(* Let $\beta>0$, $\tilde\lambda\in(0,1]$, $\mathcal{L}\ge 0$, $x\ge 0$, $y\le 0$, $z\ge 0$. For $\Delta>y$ let $p^D(\Delta)=\frac{x}{\Delta-y}$, and say that $\Delta$ satisfies the leverage constraint if $\Delta>y$ and $$\beta(\mathcal{L}+\Delta)\le \tilde\lambda\Big(z+\Delta\,p^D(\Delta)\Big).$$ Consider the quadratic polynomial in $\Delta$ $$-\beta \Delta^2 + \Delta\Big( \tilde \lambda (z+x) - \beta(\mathcal{L} - y)\Big) - \tilde\lambda zy + \beta\mathcal{L} y .$$ If its roots are real, denote them $\Delta_{\min}\le\Delta_{\max}$; then the set of $\Delta$ satisfying the leverage constraint is $[\Delta_{\min},\Delta_{\max}]\cap(y,\infty)$. If its roots are not real, then no $\Delta$ satisfies the leverage constraint.
   Context: Single period $t$ of a stablecoin market model. A speculator owes $\mathcal{L}=\mathcal{L}_{t-1}$ stablecoins and holds Ether worth $z=n_{t-1}p^E_t$ dollars; $x=w^D\bar n_{t-1}p^E_t\ge0$ is the new dollar stablecoin demand from the stablecoin holder and $y=w^D\bar m_{t-1}-\mathcal{L}_{t-1}\le 0$ (so $|y|$ is the "free supply"). The speculator changes the stablecoin supply by $\Delta$ (new supply $\mathcal{L}+\Delta$), and for $\Delta>y$ the stablecoin market clears at dollar price $p^D(\Delta)=x/(\Delta-y)$; the speculator's assets after the trade are worth $z+\Delta p^D(\Delta)$. Its leverage is $\lambda=\beta\cdot\text{liabilities}/\text{assets}=\beta(\mathcal{L}+\Delta)/(z+\Delta p^D(\Delta))$, where $\beta$ is the collateral liquidation threshold, and the leverage constraint is $\lambda\le\tilde\lambda$ (the case $\tilde\lambda=1$ being the protocol's liquidation constraint). *)

theory Defs
  imports Complex_Main
begin

text \<open>Stablecoin dollar price after a supply change d (meaningful for d > y).\<close>
definition pD :: "real \<Rightarrow> real \<Rightarrow> real \<Rightarrow> real" where
  "pD x y d = x / (d - y)"

definition lev_ok :: "real \<Rightarrow> real \<Rightarrow> real \<Rightarrow> real \<Rightarrow> real \<Rightarrow> real \<Rightarrow> real \<Rightarrow> bool" where
  "lev_ok beta lt L x y z d \<longleftrightarrow> d > y \<and> beta * (L + d) \<le> lt * (z + d * pD x y d)"

definition levq :: "real \<Rightarrow> real \<Rightarrow> real \<Rightarrow> real \<Rightarrow> real \<Rightarrow> real \<Rightarrow> real \<Rightarrow> real" where
  "levq beta lt L x y z d = - beta * d^2 + d * (lt * (z + x) - beta * (L - y)) - lt * z * y + beta * L * y"

end

theory Submission
  imports Defs
begin

text \<open>Since the price is \<open>x / (d - y)\<close> with \<open>d - y > 0\<close>, multiplying the leverage
constraint by \<open>d - y\<close> turns it into \<open>levq \<ge> 0\<close>, a concave quadratic inequality in \<open>d\<close>.
Completing the square, a concave quadratic is nonnegative exactly between its real roots,
and negative everywhere when it has none.\<close>

lemma lev_ok_iff_levq_nonneg:
  "lev_ok beta lt L x y z d \<longleftrightarrow> y < d \<and> 0 \<le> levq beta lt L x y z d"
proof (cases "y < d")
  case True
  then have pos: "d - y > 0" by simp
  have "beta * (L + d) \<le> lt * (z + d * pD x y d) \<longleftrightarrow>
        beta * (L + d) * (d - y) \<le> lt * (z + d * pD x y d) * (d - y)"
    using pos by simp
  also have "lt * (z + d * pD x y d) * (d - y) = lt * (z * (d - y) + d * x)"
    using pos by (simp add: pD_def field_simps)
  also have "beta * (L + d) * (d - y) \<le> lt * (z * (d - y) + d * x) \<longleftrightarrow>
             0 \<le> levq beta lt L x y z d"
    unfolding levq_def by (simp add: power2_eq_square algebra_simps)
  finally show ?thesis using True unfolding lev_ok_def by simp
qed (simp add: lev_ok_def)

lemma concave_quadratic_completed_square:
  fixes a b c :: real
  assumes "a > 0"
  obtains h q where "\<And>d. - a * d\<^sup>2 + b * d + c = a * (q - (d - h)\<^sup>2)"
proof
  show "- a * d\<^sup>2 + b * d + c = a * ((b\<^sup>2 + 4 * a * c) / (2 * a)\<^sup>2 - (d - b / (2 * a))\<^sup>2)" for d
    using assms by (simp add: field_simps power2_eq_square)
qed

lemma concave_quadratic_neg_if_no_roots:
  fixes a b c d :: real
  assumes "a > 0" and "{d. - a * d\<^sup>2 + b * d + c = 0} = {}"
  shows "- a * d\<^sup>2 + b * d + c < 0"
proof -
  obtain h q where sq: "\<And>d. - a * d\<^sup>2 + b * d + c = a * (q - (d - h)\<^sup>2)"
    using concave_quadratic_completed_square[OF \<open>a > 0\<close>] by blast
  have "q < 0"
  proof (rule ccontr)
    assume "\<not> q < 0"
    then have "- a * (h + sqrt q)\<^sup>2 + b * (h + sqrt q) + c = 0" unfolding sq by simp
    with assms(2) show False by blast
  qed
  then have "q - (d - h)\<^sup>2 < 0" using zero_le_power2[of "d - h"] by linarith
  then show ?thesis unfolding sq using \<open>a > 0\<close> by (rule mult_pos_neg[rotated])
qed

lemma concave_quadratic_nonneg_between_roots:
  fixes a b c r1 r2 :: real
  assumes "a > 0" and "r1 \<le> r2" and roots: "{d. - a * d\<^sup>2 + b * d + c = 0} = {r1, r2}"
  shows "{d. 0 \<le> - a * d\<^sup>2 + b * d + c} = {r1..r2}"
proof -
  obtain h q where sq: "\<And>d. - a * d\<^sup>2 + b * d + c = a * (q - (d - h)\<^sup>2)"
    using concave_quadratic_completed_square[OF \<open>a > 0\<close>] by blast
  have "- a * r1\<^sup>2 + b * r1 + c = 0" using roots by blast
  then have "q = (r1 - h)\<^sup>2" using \<open>a > 0\<close> unfolding sq by simp
  then have "q \<ge> 0" by simp
  define s where "s = sqrt q"
  have "s \<ge> 0" and q_eq: "q = s\<^sup>2" using \<open>q \<ge> 0\<close> by (simp_all add: s_def)
  have "- a * d\<^sup>2 + b * d + c = 0 \<longleftrightarrow> d = h - s \<or> d = h + s" for d
  proof -
    have "a * (s\<^sup>2 - (d - h)\<^sup>2) = 0 \<longleftrightarrow> (d - h)\<^sup>2 = s\<^sup>2" using \<open>a > 0\<close> by auto
    also have "\<dots> \<longleftrightarrow> d - h = s \<or> d - h = - s" by (rule power2_eq_iff)
    finally show ?thesis unfolding sq q_eq by linarith
  qed
  then have "{r1, r2} = {h - s, h + s}" unfolding roots[symmetric] by blast
  with \<open>r1 \<le> r2\<close> \<open>s \<ge> 0\<close> have r1: "r1 = h - s" and r2: "r2 = h + s"
    unfolding doubleton_eq_iff by arith+
  have "0 \<le> - a * d\<^sup>2 + b * d + c \<longleftrightarrow> r1 \<le> d \<and> d \<le> r2" for d
  proof -
    have "0 \<le> a * (s\<^sup>2 - (d - h)\<^sup>2) \<longleftrightarrow> (d - h)\<^sup>2 \<le> s\<^sup>2"
      using \<open>a > 0\<close> by (simp add: zero_le_mult_iff)
    also have "\<dots> \<longleftrightarrow> \<bar>d - h\<bar> \<le> \<bar>s\<bar>" by (rule abs_le_square_iff[symmetric])
    finally show ?thesis unfolding sq q_eq r1 r2 using \<open>s \<ge> 0\<close> by arith
  qed
  then show ?thesis unfolding set_eq_iff mem_Collect_eq atLeastAtMost_iff by blast
qed

theorem proposition3p1:
  fixes beta lt L x y z :: real
  assumes "beta > 0" and "0 < lt" and "lt \<le> 1" and "L \<ge> 0" and "x \<ge> 0" and "y \<le> 0" and "z \<ge> 0"
  shows "(\<forall>dmin dmax. dmin \<le> dmax \<and> {d. levq beta lt L x y z d = 0} = {dmin, dmax} \<longrightarrow>
            {d. lev_ok beta lt L x y z d} = {dmin..dmax} \<inter> {y<..})
       \<and> ({d. levq beta lt L x y z d = 0} = {} \<longrightarrow> {d. lev_ok beta lt L x y z d} = {})"
proof -
  define b where "b = lt * (z + x) - beta * (L - y)"
  define c where "c = - lt * z * y + beta * L * y"
  have levq_eq: "levq beta lt L x y z = (\<lambda>d. - beta * d\<^sup>2 + b * d + c)"
    unfolding levq_def b_def c_def by (simp add: algebra_simps)
  have lev_set: "{d. lev_ok beta lt L x y z d} = {d. 0 \<le> levq beta lt L x y z d} \<inter> {y<..}"
    by (auto simp: lev_ok_iff_levq_nonneg)
  show ?thesis
  proof (intro conjI allI impI)
    fix dmin dmax
    assume "dmin \<le> dmax \<and> {d. levq beta lt L x y z d = 0} = {dmin, dmax}"
    then have "{d. 0 \<le> levq beta lt L x y z d} = {dmin..dmax}"
      unfolding levq_eq using concave_quadratic_nonneg_between_roots[OF \<open>beta > 0\<close>] by blast
    then show "{d. lev_ok beta lt L x y z d} = {dmin..dmax} \<inter> {y<..}"
      unfolding lev_set by simp
  next
    assume "{d. levq beta lt L x y z d = 0} = {}"
    then have "\<not> 0 \<le> levq beta lt L x y z d" for d
      unfolding levq_eq not_le using concave_quadratic_neg_if_no_roots[OF \<open>beta > 0\<close>] by blast
    then show "{d. lev_ok beta lt L x y z d} = {}"
      unfolding lev_set by blast
  qed
qed

end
------------------------------
> **TASK STATEMENT**: Each line above that contains "text" must be copied out.

> **THE ANSWER**:
   Context: Single period $t$ of a stablecoin market model. A speculator owes $\mathcal{L}=\mathcal{L}_{t-1}$ stablecoins and holds Ether worth $z=n_{t-1}p^E_t$ dollars; $x=w^D\bar n_{t-1}p^E_t\ge0$ is the new dollar stablecoin demand from the stablecoin holder and $y=w^D\bar m_{t-1}-\mathcal{L}_{t-1}\le 0$ (so $|y|$ is the "free supply"). The speculator changes the stablecoin supply by $\Delta$ (new supply $\mathcal{L}+\Delta$), and for $\Delta>y$ the stablecoin market clears at dollar price $p^D(\Delta)=x/(\Delta-y)$; the speculator's assets after the trade are worth $z+\Delta p^D(\Delta)$. Its leverage is $\lambda=\beta\cdot\text{liabilities}/\text{assets}=\beta(\mathcal{L}+\Delta)/(z+\Delta p^D(\Delta))$, where $\beta$ is the collateral liquidation threshold, and the leverage constraint is $\lambda\le\tilde\lambda$ (the case $\tilde\lambda=1$ being the protocol's liquidation constraint). *)
text \<open>Stablecoin dollar price after a supply change d (meaningful for d > y).\<close>
text \<open>Since the price is \<open>x / (d - y)\<close> with \<open>d - y > 0\<close>, multiplying the leverage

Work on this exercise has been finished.